Nizhny Novgorod, Russia’s Capital of Street Art

Nizhny Novgorod’s street art and contemporary art scenes are thriving. From graffiti to graphite – this year it hosted Russia’s first ever contemporary art fair for works on paper - the city’s influence has been spreading further afield. Exhibitions in St. Petersburg and Moscow consisting of young art from the banks of the river Volga feel like a breath of fresh air.

If contemporary art in Russia finds itself rooted on inhospitable ground, in Nizhny Novgorod it is thriving today, leading to a sense that its artists are at the front of the latest artistic developments in the country. There are first-class art museums which have been recently updated; it is home to the Arsenal Centre for Contemporary Art, part of the Pushkin State Museum of Fine Arts. Independent associations and groups are active there, galleries such as leaders 9B and Futuro are pushing ahead and there are cutting edge art festivals. For the first time in Russia this year art patron Dmitry Volodin organised a contemporary art fair dedicated to works on paper called ‘Contour’.

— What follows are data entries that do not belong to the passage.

lemma gw_objective_psd_nonneg_supported:
  assumes "finite K" and "psd A" and "psd Q" and "\<And>i j. i \<notin> K \<Longrightarrow> Q$i$j = 0"
  shows "0 \<le> gw_objective A Q"
  using assms(1,3,4)
proof (induction K arbitrary: Q rule: finite_induct)
  case empty
  then show ?case by (simp add: gw_objective_def)
next
  case (insert k K)
  show ?case
  proof (cases "Q$k$k = 0")
    case kk: True
    have "Q$i$j = 0" if "i \<notin> K" for i j
    proof (cases "i = k")
      case True
      then show ?thesis using psd_zero_diag_imp_zero_row[OF insert.prems(1) kk] by simp
    next
      case False
      then show ?thesis using insert.prems(2) that by simp
    qed
    then show ?thesis using insert.IH[OF insert.prems(1)] by blast
  next
    case False
    have "0 \<le> axis k 1 \<bullet> (Q *v axis k 1)"
      using insert.prems(1) unfolding psd_def by blast
    with False have pos: "0 < Q$k$k" by (simp add: inner_axis_matrix_vector_mult_axis)
    define S where "S = Q - (1 / Q$k$k) *\<^sub>R outer (column k Q)"
    have "0 \<le> gw_objective A S"
    proof (rule insert.IH)
      show "psd S" unfolding S_def by (rule psd_schur_complement(1)[OF insert.prems(1) pos])
      fix i j assume "i \<notin> K"
      show "S$i$j = 0"
      proof (cases "i = k")
        case True
        show ?thesis unfolding S_def True by (rule psd_schur_complement(2)[OF insert.prems(1) pos])
      next
        case False
        then have "Q$i$j = 0" "Q$i$k = 0" using insert.prems(2) \<open>i \<notin> K\<close> by auto
        then show ?thesis by (simp add: S_def outer_def column_def)
      qed
    qed
    moreover have "0 \<le> gw_objective A (outer (column k Q)) / Q$k$k"
      using assms(2) pos by (simp add: gw_objective_outer psd_def)
    moreover have "gw_objective A Q = gw_objective A S + gw_objective A (outer (column k Q)) / Q$k$k"
      by (simp add: S_def gw_objective_diff gw_objective_scaleR)
    ultimately show ?thesis by simp
  qed
qed

lemma gw_objective_psd_nonneg: "psd A \<Longrightarrow> psd Q \<Longrightarrow> 0 \<le> gw_objective A Q"
  by (rule gw_objective_psd_nonneg_supported[of UNIV]) auto

lemma gw_weak_duality:
  assumes "gw_feasible P" and "gw_dual_feasible W F"
  shows "(\<Sum>i\<in>UNIV. F$i$i) \<le> gw_objective W P"
proof -
  have "gw_objective F P = (\<Sum>i\<in>UNIV. F$i$i)"
    using assms by (simp add: gw_objective_diagonal_mat_left gw_dual_feasible_def gw_feasible_def)
  moreover have "0 \<le> gw_objective (W - F) P"
    using assms by (simp add: gw_objective_psd_nonneg gw_feasible_def gw_dual_feasible_def)
  ultimately show ?thesis by (simp add: gw_objective_diff_left)
qed

section \<open>Sign vectors and the diagonal correction of a cut\<close>

definition sign_vector :: "real^'n \<Rightarrow> bool" where
  "sign_vector u \<longleftrightarrow> (\<forall>i. u$i = 1 \<or> u$i = -1)"

lemma sign_vector_mult_self: "sign_vector u \<Longrightarrow> u$i * u$i = 1"
  by (auto simp: sign_vector_def dest: spec[of _ i])

lemma sign_vector_nonzero: "sign_vector u \<Longrightarrow> u \<noteq> 0"
  by (auto simp: sign_vector_def dest: spec[of _ undefined])

lemma sign_vector_char_vec: "sign_vector (char_vec S)"
  by (simp add: sign_vector_def char_vec_def)

lemma sign_vector_eq_char_vec: "sign_vector u \<Longrightarrow> u = char_vec {i. u$i = 1}"
  by (auto simp: sign_vector_def char_vec_def vec_eq_iff dest: spec)

lemma gw_feasible_outer: "sign_vector u \<Longrightarrow> gw_feasible (outer u)"
  using psd_outer[of u] by (simp add: gw_feasible_def outer_def sign_vector_mult_self)

lemma gw_objective_outer_char_vec:
  assumes "sym_mat W"
  shows "gw_objective W (outer (char_vec T)) = (\<Sum>i\<in>UNIV. \<Sum>j\<in>UNIV. W$i$j) - 4 * cut_weight W T"
proof -
  let ?x = "char_vec T"
  let ?cut = "\<lambda>i j. if i \<in> T then if j \<in> -T then W$i$j else 0 else 0"
  have entry: "?x$i * ?x$j * W$i$j = W$i$j - 2 * ?cut i j - 2 * ?cut j i" for i j
    using assms unfolding sym_mat_def char_vec_def by auto
  have "(\<Sum>i\<in>UNIV. \<Sum>j\<in>UNIV. ?cut i j)
      = (\<Sum>i\<in>UNIV. if i \<in> T then \<Sum>j\<in>UNIV. if j \<in> -T then W$i$j else 0 else 0)"
    by (intro sum.cong) auto
  also have "\<dots> = cut_weight W T"
    unfolding cut_weight_def by (simp add: sum.inter_restrict[symmetric] del: Compl_iff)
  finally have cut: "(\<Sum>i\<in>UNIV. \<Sum>j\<in>UNIV. ?cut i j) = cut_weight W T" .
  have cut': "(\<Sum>i\<in>UNIV. \<Sum>j\<in>UNIV. ?cut j i) = cut_weight W T"
    using cut by (subst sum.swap) simp
  show ?thesis
    unfolding gw_objective_def outer_def
    by (simp add: mult.commute[of "W$_$_"] entry sum_subtractf cut cut' flip: sum_distrib_left del: Compl_iff)
qed

lemma gw_bipolar_iff_gw_primal_optimal_max_cut:
  assumes "sym_mat W" and "maximal_cut W S"
  shows "gw_bipolar W \<longleftrightarrow> gw_primal_optimal W (outer (char_vec S))"
proof
  assume "gw_bipolar W"
  then obtain u where u: "sign_vector u" and opt: "gw_primal_optimal W (outer u)"
    unfolding gw_bipolar_def sign_vector_def by blast
  obtain T where u_T: "u = char_vec T" using sign_vector_eq_char_vec[OF u] by blast
  have "cut_weight W T \<le> cut_weight W S"
    using assms(2) by (simp add: maximal_cut_def)
  then have "gw_objective W (outer (char_vec S)) \<le> gw_objective W (outer u)"
    by (simp add: u_T gw_objective_outer_char_vec[OF assms(1)])
  then show "gw_primal_optimal W (outer (char_vec S))"
    using opt sign_vector_char_vec gw_feasible_outer
    unfolding gw_primal_optimal_def by fastforce
next
  assume "gw_primal_optimal W (outer (char_vec S))"
  then show "gw_bipolar W"
    using sign_vector_char_vec unfolding gw_bipolar_def sign_vector_def by blast
qed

The art scene in Nizhny Novgorod can be applauded for its diversity: there is something for every taste. There is a large-scale exhibition ‘Named by Vasari. Mannerism’ at the Arsenal, which consists of masterpieces of the 16th century juxtaposed with contemporary art. There is a solo retrospective of Erik Bulatov (b.1933), legendary artist of the unofficial art scene in the warehouses of the Nizhny Novgorod Art Museum. And those who prefer something more challenging and are not afraid of walking the streets in winter, can take a stroll around the old streets and abandoned places in the city in search of street art which was created during the festival ‘Mesto’.

You can see the influence of Nizhny Novgorod's thriving art scene in the Russian capitals. In St Petersburg, Marina Gisich gallery is hosting an exhibition by young Nizhny Novgorodian artist Nikita Pirumov (b. 2002). And in Moscow, at the Triumph Gallery until the end of January, there is a show dedicated to Nizhny Novgorod’s most recent artistic processes, ‘A Chronicle of Burgeoning Activity’ presenting millennial and emerging artists to the public. This elevated status it has won evidently comes off the back of a wave of street art in the 1980s which in many ways is still ongoing, with successive waves of new generations of artists. Diverse activities allow them to break into new, previously unexplored spheres of interaction with the viewer.

It was graffiti artists who sparked off street art in Nizhny, one the early pioneers being Alexander Shimanov aka Stan. Setting the street art agenda of the late 1990s and 2000s, Stan and his team organised festivals, published magazines, and even created a website, motivating others to work in a team-spirited and systematic way. Nizhny Novgorod´s topography itself is the perfect backdrop or ´blank canvas´ for its street art. The city is located at the confluence of the Oka and Volga rivers with the high Dyatlovy mountains, on which the historical centre is located, rising from the embankment with numerous wastelands, with concrete fences, abandoned 19th and 20th century industrial architecture like the Kuibyshevskaya Vodokachka, a water pumping station built in 1880. Bridges, walls of industrial buildings, courtyards and abandoned houses, all has been transformed into the surfaces of giant murals that were painted by several generations of Nizhny Novgorod residents. A walk around Nizhny is still perceived as a quest in search of unknown masterpieces.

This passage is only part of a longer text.